With my guts and heart put through cuisnart...I try to take it one day at a time. Try to be happy old self that is usually optimistic, but its tough when you think this is the last xmas as a family etc. 

So how long do you go with therapy when the other person is not budging???? Please let me know your thoughts. happy Holidays.


----------



## TGTLTBTS (Sep 16, 2011)

I am on the opposite side as you, as I relate to your wife. But my H and I are doing IC right now and plan to separate in Feb. and our counselor said that once we are separated she will be able to see within 60 days whether there is any positive movement and then she would suggest an exit plan if not. Doesn't your counselor say anything about how she/he feels it is going between the two of you?? 

How old are your children, mine are 8 and I was just curious.


----------



## blakeeddie (Dec 23, 2011)

My kids are 9 and 12. 

Counselor has not passed a judgement yet...since she is still exploring our past histories with family of origin background.

What frustrates me....(and maybe your wife)...is that reading the books I see our dynamic clearly spelled out there. For example my wife is a big controller and I am Mr Pleaser (to the point where its painful for me). And there are remedies. All couples go through this. I remember an old guy I met long ago who was married three times said ultimately the same issues came up with every one of his wives. And he wished he worked it out the issues with his first wife.

Again maybe I old fashioned but tthe greatest gift we can give our kids is for us to be a couple. I don't won't it if she is miserable in the relationship. We can survive a divorce. But there is not abuse, gambling, or other real nasty factors in between us. 
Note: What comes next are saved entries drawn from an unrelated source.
(* For $n\ge2$, consider the IID instance in which each of the $n$ actions independently has a good type with (receiver, sender) values $(1,1)$ with probability $1/n$ and a bad type with values $(0,0)$ with probability $1-1/n$. Then for every $k\in\{2,\dots,n\}$, $\operatorname{OPT}_k\le\frac{e}{e-1}\cdot\frac kn\cdot\operatorname{OPT}_n$.
   Context: Bayesian persuasion: receiver chooses one of actions $[n]$; the sender observes the state (types of all actions) and sends one of $k$ signals according to a committed scheme; the receiver picks an action maximizing her conditional expected value given the signal, ties broken in favor of the sender. $\operatorname{OPT}_k$ denotes the maximal expected sender utility over all schemes with $k$ signals. *)

theory Defs
  imports Complex_Main
begin

text \<open>A signaling scheme with k signals: phi w s = probability of sending signal s (s < k) in state w.\<close>

definition is_scheme :: "'w set \<Rightarrow> nat \<Rightarrow> ('w \<Rightarrow> nat \<Rightarrow> real) \<Rightarrow> bool" where
  "is_scheme Omega k phi \<longleftrightarrow>
     (\<forall>w\<in>Omega. (\<forall>s<k. phi w s \<ge> 0) \<and> (\<Sum>s<k. phi w s) = 1)"

text \<open>Unnormalised conditional expectation: Pr[signal s] * E[v(w,i) | signal s].\<close>
definition sig_val :: "'w set \<Rightarrow> ('w \<Rightarrow> real) \<Rightarrow> ('w \<Rightarrow> nat \<Rightarrow> real) \<Rightarrow>
    ('w \<Rightarrow> 'a \<Rightarrow> real) \<Rightarrow> nat \<Rightarrow> 'a \<Rightarrow> real" where
  "sig_val Omega mu phi v s i = (\<Sum>w\<in>Omega. mu w * phi w s * v w i)"

definition best_resp :: "'w set \<Rightarrow> ('w \<Rightarrow> real) \<Rightarrow> 'a set \<Rightarrow> ('w \<Rightarrow> 'a \<Rightarrow> real) \<Rightarrow>
    ('w \<Rightarrow> nat \<Rightarrow> real) \<Rightarrow> nat \<Rightarrow> 'a set" where
  "best_resp Omega mu A vR phi s =
     {i\<in>A. \<forall>j\<in>A. sig_val Omega mu phi vR s j \<le> sig_val Omega mu phi vR s i}"

text \<open>Sender's expected utility, ties broken in favour of the sender.\<close>
definition sender_util :: "'w set \<Rightarrow> ('w \<Rightarrow> real) \<Rightarrow> 'a set \<Rightarrow> ('w \<Rightarrow> 'a \<Rightarrow> real) \<Rightarrow>
    ('w \<Rightarrow> 'a \<Rightarrow> real) \<Rightarrow> nat \<Rightarrow> ('w \<Rightarrow> nat \<Rightarrow> real) \<Rightarrow> real" where
  "sender_util Omega mu A vR vS k phi =
     (\<Sum>s<k. Max (sig_val Omega mu phi vS s ` best_resp Omega mu A vR phi s))"

definition OPT :: "'w set \<Rightarrow> ('w \<Rightarrow> real) \<Rightarrow> 'a set \<Rightarrow> ('w \<Rightarrow> 'a \<Rightarrow> real) \<Rightarrow>
    ('w \<Rightarrow> 'a \<Rightarrow> real) \<Rightarrow> nat \<Rightarrow> real" where
  "OPT Omega mu A vR vS k =
     Sup (sender_util Omega mu A vR vS k ` {phi. is_scheme Omega k phi})"

text \<open>The IID instance: actions {0..<n}; a state is the set G of good actions;
  each action is good independently with probability 1/n; good = (1,1), bad = (0,0).\<close>
definition iid_states :: "nat \<Rightarrow> nat set set" where
  "iid_states n = Pow {..<n}"

definition iid_prior :: "nat \<Rightarrow> nat set \<Rightarrow> real" where
  "iid_prior n G = (1 / real n) ^ card G * (1 - 1 / real n) ^ (n - card G)"

definition iid_val :: "nat set \<Rightarrow> nat \<Rightarrow> real" where
  "iid_val G i = (if i \<in> G then 1 else 0)"

definition OPT_iid :: "nat \<Rightarrow> nat \<Rightarrow> real" where
  "OPT_iid n k = OPT (iid_states n) (iid_prior n) {..<n} iid_val iid_val k"

end

theory Submission
  imports Defs
begin

text \<open>When receiver and sender values coincide, the sender gets, for each signal, the largest
  (unnormalised) conditional value of an action. This is at most the action's prior expectation
  \<open>1/n\<close>, so \<open>k\<close> signals yield at most \<open>k/n\<close>. With \<open>n\<close> signals the sender can
  recommend the smallest good action, which is good whenever one exists; this gives
  \<open>1 - (1 - 1/n)^n \<ge> 1 - 1/e\<close>, and \<open>(k/n) / (1 - 1/e)\<close> is the claimed bound.\<close>

definition pure_scheme :: "('w \<Rightarrow> nat) \<Rightarrow> 'w \<Rightarrow> nat \<Rightarrow> real" where
  "pure_scheme \<sigma> w s = of_bool (s = \<sigma> w)"

lemma is_scheme_pure_scheme:
  assumes "\<And>w. w \<in> Omega \<Longrightarrow> \<sigma> w < k"
  shows "is_scheme Omega k (pure_scheme \<sigma>)"
  using assms by (simp add: is_scheme_def pure_scheme_def)

lemma is_scheme_le_one:
  assumes "is_scheme Omega k phi" "w \<in> Omega" "s < k"
  shows "phi w s \<le> 1"
proof -
  have "phi w s \<le> (\<Sum>t<k. phi w t)"
    by (rule member_le_sum) (use assms in \<open>auto simp: is_scheme_def\<close>)
  then show ?thesis
    using assms by (simp add: is_scheme_def)
qed

lemma Max_sig_val_best_resp:
  assumes "finite A" "A \<noteq> {}"
  shows "Max (sig_val Omega mu phi v s ` best_resp Omega mu A v phi s)
       = Max (sig_val Omega mu phi v s ` A)"
proof -
  let ?f = "sig_val Omega mu phi v s"
  have "Max (?f ` A) \<in> ?f ` A"
    using assms by simp
  then obtain i where i: "i \<in> A" "?f i = Max (?f ` A)"
    by auto
  have le_Max: "?f j \<le> Max (?f ` A)" if "j \<in> A" for j
    using assms that by simp
  have "best_resp Omega mu A v phi s = {j\<in>A. ?f j = Max (?f ` A)}"
    unfolding best_resp_def using i le_Max by (force intro: antisym)
  then have "?f ` best_resp Omega mu A v phi s = {Max (?f ` A)}"
    using i by auto
  then show ?thesis by simp
qed

lemma sender_util_aligned:
  assumes "finite A" "A \<noteq> {}"
  shows "sender_util Omega mu A v v k phi = (\<Sum>s<k. Max (sig_val Omega mu phi v s ` A))"
  unfolding sender_util_def by (simp add: Max_sig_val_best_resp[OF assms])

lemma sig_val_le_expectation:
  assumes "is_scheme Omega k phi" "s < k"
    and "\<And>w. w \<in> Omega \<Longrightarrow> mu w \<ge> 0" "\<And>w. w \<in> Omega \<Longrightarrow> v w i \<ge> 0"
  shows "sig_val Omega mu phi v s i \<le> (\<Sum>w\<in>Omega. mu w * v w i)"
  unfolding sig_val_def
proof (rule sum_mono)
  fix w assume w: "w \<in> Omega"
  have "mu w * v w i * phi w s \<le> mu w * v w i"
    using is_scheme_le_one[OF assms(1) w assms(2)] assms(3,4)[OF w]
    by (simp add: mult_left_le)
  then show "mu w * phi w s * v w i \<le> mu w * v w i"
    by (simp add: mult_ac)
qed

lemma sender_util_aligned_le:
  assumes "finite A" "A \<noteq> {}" "is_scheme Omega k phi"
    and "\<And>w. w \<in> Omega \<Longrightarrow> mu w \<ge> 0" "\<And>w i. w \<in> Omega \<Longrightarrow> v w i \<ge> 0"
    and "\<And>i. i \<in> A \<Longrightarrow> (\<Sum>w\<in>Omega. mu w * v w i) \<le> c"
  shows "sender_util Omega mu A v v k phi \<le> real k * c"
proof -
  have "sig_val Omega mu phi v s i \<le> c" if "s < k" "i \<in> A" for s i
  proof -
    have "sig_val Omega mu phi v s i \<le> (\<Sum>w\<in>Omega. mu w * v w i)"
      using assms(3) that(1) assms(4,5) by (rule sig_val_le_expectation)
    then show ?thesis
      using assms(6)[OF that(2)] by linarith
  qed
  then have "Max (sig_val Omega mu phi v s ` A) \<le> c" if "s < k" for s
    using assms(1,2) that by simp
  then have "(\<Sum>s<k. Max (sig_val Omega mu phi v s ` A)) \<le> (\<Sum>s<k. c)"
    by (intro sum_mono) simp
  then show ?thesis
    by (simp add: sender_util_aligned[OF assms(1,2)])
qed

lemma sender_util_aligned_pure_scheme:
  assumes "finite A" "A \<noteq> {}" "{..<k} \<subseteq> A" "\<And>w. w \<in> Omega \<Longrightarrow> \<sigma> w < k"
  shows "(\<Sum>w\<in>Omega. mu w * v w (\<sigma> w)) \<le> sender_util Omega mu A v v k (pure_scheme \<sigma>)"
proof -
  have "(\<Sum>w\<in>Omega. mu w * v w (\<sigma> w))
      = (\<Sum>w\<in>Omega. \<Sum>s<k. mu w * pure_scheme \<sigma> w s * v w s)"
    using assms(4)
    by (intro sum.cong) (simp_all add: pure_scheme_def mult.assoc sum_distrib_left[symmetric])
  also have "\<dots> = (\<Sum>s<k. sig_val Omega mu (pure_scheme \<sigma>) v s s)"
    unfolding sig_val_def by (rule sum.swap)
  also have "\<dots> \<le> (\<Sum>s<k. Max (sig_val Omega mu (pure_scheme \<sigma>) v s ` A))"
    using assms(1,3) by (intro sum_mono Max_ge) auto
  finally show ?thesis
    by (simp add: sender_util_aligned[OF assms(1,2)])
qed

lemma OPT_le:
  assumes "is_scheme Omega k phi0"
    and "\<And>phi. is_scheme Omega k phi \<Longrightarrow> sender_util Omega mu A vR vS k phi \<le> c"
  shows "OPT Omega mu A vR vS k \<le> c"
  unfolding OPT_def using assms by (intro cSup_least) auto

lemma sender_util_le_OPT:
  assumes "is_scheme Omega k phi"
    and "\<And>phi. is_scheme Omega k phi \<Longrightarrow> sender_util Omega mu A vR vS k phi \<le> c"
  shows "sender_util Omega mu A vR vS k phi \<le> OPT Omega mu A vR vS k"
  unfolding OPT_def using assms by (intro cSup_upper bdd_aboveI2) auto

lemma sum_Pow_card_powers:
  fixes p q :: "'a :: comm_semiring_1"
  assumes "finite A"
  shows "(\<Sum>X\<in>Pow A. p ^ card X * q ^ (card A - card X)) = (p + q) ^ card A"
proof -
  have "(p + q) ^ card A = (\<Sum>X\<in>Pow A. (\<Prod>x\<in>X. p) * (\<Prod>x\<in>A-X. q))"
    using prod_add[OF assms, of "\<lambda>_. p" "\<lambda>_. q"] by simp
  also have "\<dots> = (\<Sum>X\<in>Pow A. p ^ card X * q ^ (card A - card X))"
    using assms by (intro sum.cong) (auto simp: card_Diff_subset finite_subset)
  finally show ?thesis by simp
qed

lemma iid_prior_nonneg: "n \<ge> 1 \<Longrightarrow> iid_prior n G \<ge> 0"
  unfolding iid_prior_def by simp

lemma iid_val_nonneg: "iid_val G i \<ge> 0"
  unfolding iid_val_def by simp

lemma iid_prior_sum:
  assumes "n \<ge> 1"
  shows "(\<Sum>G\<in>iid_states n. iid_prior n G) = 1"
  using sum_Pow_card_powers[of "{..<n}" "1 / real n" "1 - 1 / real n"]
  by (simp add: iid_states_def iid_prior_def)

lemma iid_prior_marginal:
  assumes "n \<ge> 1" "i < n"
  shows "(\<Sum>G\<in>iid_states n. iid_prior n G * iid_val G i) = 1 / real n"
proof -
  let ?p = "1 / real n" and ?q = "1 - 1 / real n" and ?B = "{..<n} - {i}"
  have card_B: "card ?B = n - 1" using assms by simp
  have good_i: "{G\<in>iid_states n. i \<in> G} = insert i ` Pow ?B"
  proof (intro equalityI subsetI)
    fix G assume "G \<in> {G\<in>iid_states n. i \<in> G}"
    then have "G = insert i (G - {i})" "G - {i} \<in> Pow ?B"
      by (auto simp: iid_states_def)
    then show "G \<in> insert i ` Pow ?B" by blast
  qed (use assms in \<open>auto simp: iid_states_def\<close>)
  have inj: "inj_on (insert i) (Pow ?B)"
    by (rule inj_onI) (metis Diff_insert_absorb PowD subset_Diff_insert)
  have prior_insert: "iid_prior n (insert i H) = ?p * (?p ^ card H * ?q ^ (card ?B - card H))"
    if "H \<in> Pow ?B" for H
  proof -
    have "finite H" "i \<notin> H" "card H \<le> card ?B"
      using that by (auto intro: finite_subset card_mono)
    then show ?thesis
      using card_B by (simp add: iid_prior_def)
  qed
  have "(\<Sum>G\<in>iid_states n. iid_prior n G * iid_val G i)
      = (\<Sum>G\<in>iid_states n. if i \<in> G then iid_prior n G else 0)"
    by (intro sum.cong) (simp_all add: iid_val_def)
  also have "\<dots> = (\<Sum>G\<in>{G\<in>iid_states n. i \<in> G}. iid_prior n G)"
    by (rule sum.inter_filter[symmetric]) (simp add: iid_states_def)
  also have "\<dots> = (\<Sum>H\<in>Pow ?B. iid_prior n (insert i H))"
    unfolding good_i by (rule sum.reindex[OF inj, unfolded comp_def])
  also have "\<dots> = ?p * (\<Sum>H\<in>Pow ?B. ?p ^ card H * ?q ^ (card ?B - card H))"
    by (simp add: prior_insert sum_distrib_left)
  also have "\<dots> = ?p"
    using sum_Pow_card_powers[of ?B ?p ?q] by simp
  finally show ?thesis .
qed

lemma sender_util_iid_le:
  assumes "n \<ge> 1" "is_scheme (iid_states n) k phi"
  shows "sender_util (iid_states n) (iid_prior n) {..<n} iid_val iid_val k phi \<le> real k / real n"
  using sender_util_aligned_le[of "{..<n}" _ k phi "iid_prior n" iid_val "1 / real n"] assms
  by (auto simp: iid_prior_nonneg iid_val_nonneg iid_prior_marginal lessThan_empty_iff)

lemma OPT_iid_le:
  assumes "n \<ge> 1" "k \<ge> 1"
  shows "OPT_iid n k \<le> real k / real n"
  unfolding OPT_iid_def using assms sender_util_iid_le
  by (intro OPT_le[OF is_scheme_pure_scheme[of _ "\<lambda>_. 0"]]) auto

definition min_good :: "nat set \<Rightarrow> nat" where
  "min_good G = (if G = {} then 0 else Min G)"

lemma min_good_mem: "finite G \<Longrightarrow> G \<noteq> {} \<Longrightarrow> min_good G \<in> G"
  by (simp add: min_good_def)

lemma min_good_lt:
  assumes "n \<ge> 1" "G \<in> iid_states n"
  shows "min_good G < n"
proof (cases "G = {}")
  case False
  then show ?thesis
    using assms(2) min_good_mem[of G] by (auto simp: iid_states_def finite_subset)
qed (use assms in \<open>simp add: min_good_def\<close>)

lemma sender_util_min_good:
  assumes "n \<ge> 1"
  shows "1 - (1 - 1 / real n) ^ n
       \<le> sender_util (iid_states n) (iid_prior n) {..<n} iid_val iid_val n (pure_scheme min_good)"
proof -
  have fin: "finite (iid_states n)" and empty: "{} \<in> iid_states n"
    by (simp_all add: iid_states_def)
  have val: "iid_val G (min_good G) = 1" if "G \<in> iid_states n" "G \<noteq> {}" for G
    using that min_good_mem[of G] by (auto simp: iid_val_def iid_states_def finite_subset)
  have "(\<Sum>G\<in>iid_states n. iid_prior n G * iid_val G (min_good G))
      = iid_prior n {} * iid_val {} (min_good {})
        + (\<Sum>G\<in>iid_states n - {{}}. iid_prior n G * iid_val G (min_good G))"
    by (rule sum.remove[OF fin empty])
  also have "\<dots> = (\<Sum>G\<in>iid_states n - {{}}. iid_prior n G)"
    by (simp add: iid_val_def[of "{}"]) (rule sum.cong, simp_all add: val)
  also have "\<dots> = (\<Sum>G\<in>iid_states n. iid_prior n G) - iid_prior n {}"
    by (simp add: sum_diff1 fin empty)
  also have "\<dots> = 1 - (1 - 1 / real n) ^ n"
    using iid_prior_sum[OF assms] by (simp add: iid_prior_def)
  finally have mass: "(\<Sum>G\<in>iid_states n. iid_prior n G * iid_val G (min_good G))
      = 1 - (1 - 1 / real n) ^ n" .
  have "(\<Sum>G\<in>iid_states n. iid_prior n G * iid_val G (min_good G))
      \<le> sender_util (iid_states n) (iid_prior n) {..<n} iid_val iid_val n (pure_scheme min_good)"
    using assms min_good_lt[OF assms]
    by (intro sender_util_aligned_pure_scheme) (auto simp: lessThan_empty_iff)
  with mass show ?thesis by simp
qed

lemma OPT_iid_all_signals_ge:
  assumes "n \<ge> 1"
  shows "1 - exp (-1) \<le> OPT_iid n n"
proof -
  have "(1 - 1 / real n) ^ n \<le> exp (-1)"
    using exp_ge_one_minus_x_over_n_power_n[of 1 n] assms by simp
  moreover have "sender_util (iid_states n) (iid_prior n) {..<n} iid_val iid_val n (pure_scheme min_good)
      \<le> OPT_iid n n"
    unfolding OPT_iid_def using min_good_lt[OF assms] sender_util_iid_le[OF assms, of n]
    by (intro sender_util_le_OPT[where c = "real n / real n"] is_scheme_pure_scheme) blast+
  ultimately show ?thesis
    using sender_util_min_good[OF assms] by linarith
qed

theorem lemma5p2:
  fixes n k :: nat
  assumes "n \<ge> 2" and "2 \<le> k" and "k \<le> n"
  shows "OPT_iid n k \<le> exp 1 / (exp 1 - 1) * (real k / real n) * OPT_iid n n"
proof -
  have ratio: "exp 1 / (exp 1 - 1) * (1 - exp (-1)) = (1::real)"
    by (simp add: exp_minus field_simps)
  have "OPT_iid n k \<le> real k / real n"
    using assms by (intro OPT_iid_le) auto
  also have "\<dots> = exp 1 / (exp 1 - 1) * (real k / real n) * (1 - exp (-1))"
    using ratio by (simp add: mult_ac)
  also have "\<dots> \<le> exp 1 / (exp 1 - 1) * (real k / real n) * OPT_iid n n"
    using assms OPT_iid_all_signals_ge[of n] by (intro mult_left_mono) auto
  finally show ?thesis .
qed

end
Do you see your dynamic in the material you are reading?


----------



## Voyager (May 23, 2011)

You can't really give a time table to counseling. There are too many factors involved and they differ for each individual. Perhaps the most important is the willingness to change and the realization that it's not the counseling that changes you. It's the desire to change. The counseling, assuming it's competent, just provides a possible road map. It took 14 years for your relationship to get to this point so it sounds as if the two of you took years to drift apart. This process will test your patience.

For the first 4 or 5 months after my wife and I started counseling I felt that she wasn't putting forth any effort whatsoever. It took a new counselor and several more months for me to realize that my timetable was not my wife's timetable. I could either be patient, or I could walk away. But I could not force her to change. Now, at 16 months, I am still occasionally frustrated. But I look back at where we were a year ago and realize that there have been changes. We are in a better spot than we were. 

We were attending marriage counseling twice a month and my wife saw an individual counselor on the off weeks for over a year. So it was pretty intense for a while. We recently moved and stopped seeing our counselors but have agreed that if either of us feels the need we would find a new marriage counselor. I guess I mention this to make a point: counseling is a tool; it is not a fix. Use it when you need it. But ultimately the results have to come from within.


----------



## EleGirl (Dec 3, 2011)

Marriage counseling fails 70% of the time or more. Generally they do more to prepare a couple for separation than to bring them together.

Take a look at the books in my signature block about building a passionate marriage. They would probably help you more.


----------



## TGTLTBTS (Sep 16, 2011)

Blakeeddie, I am the wife who is not sure she wants to be married any longer. My issues are different than yours and the books that I read tend to point me in the direction of leaving. You can look up my threads to find my issues if you would like, alike in some ways but very different in others. 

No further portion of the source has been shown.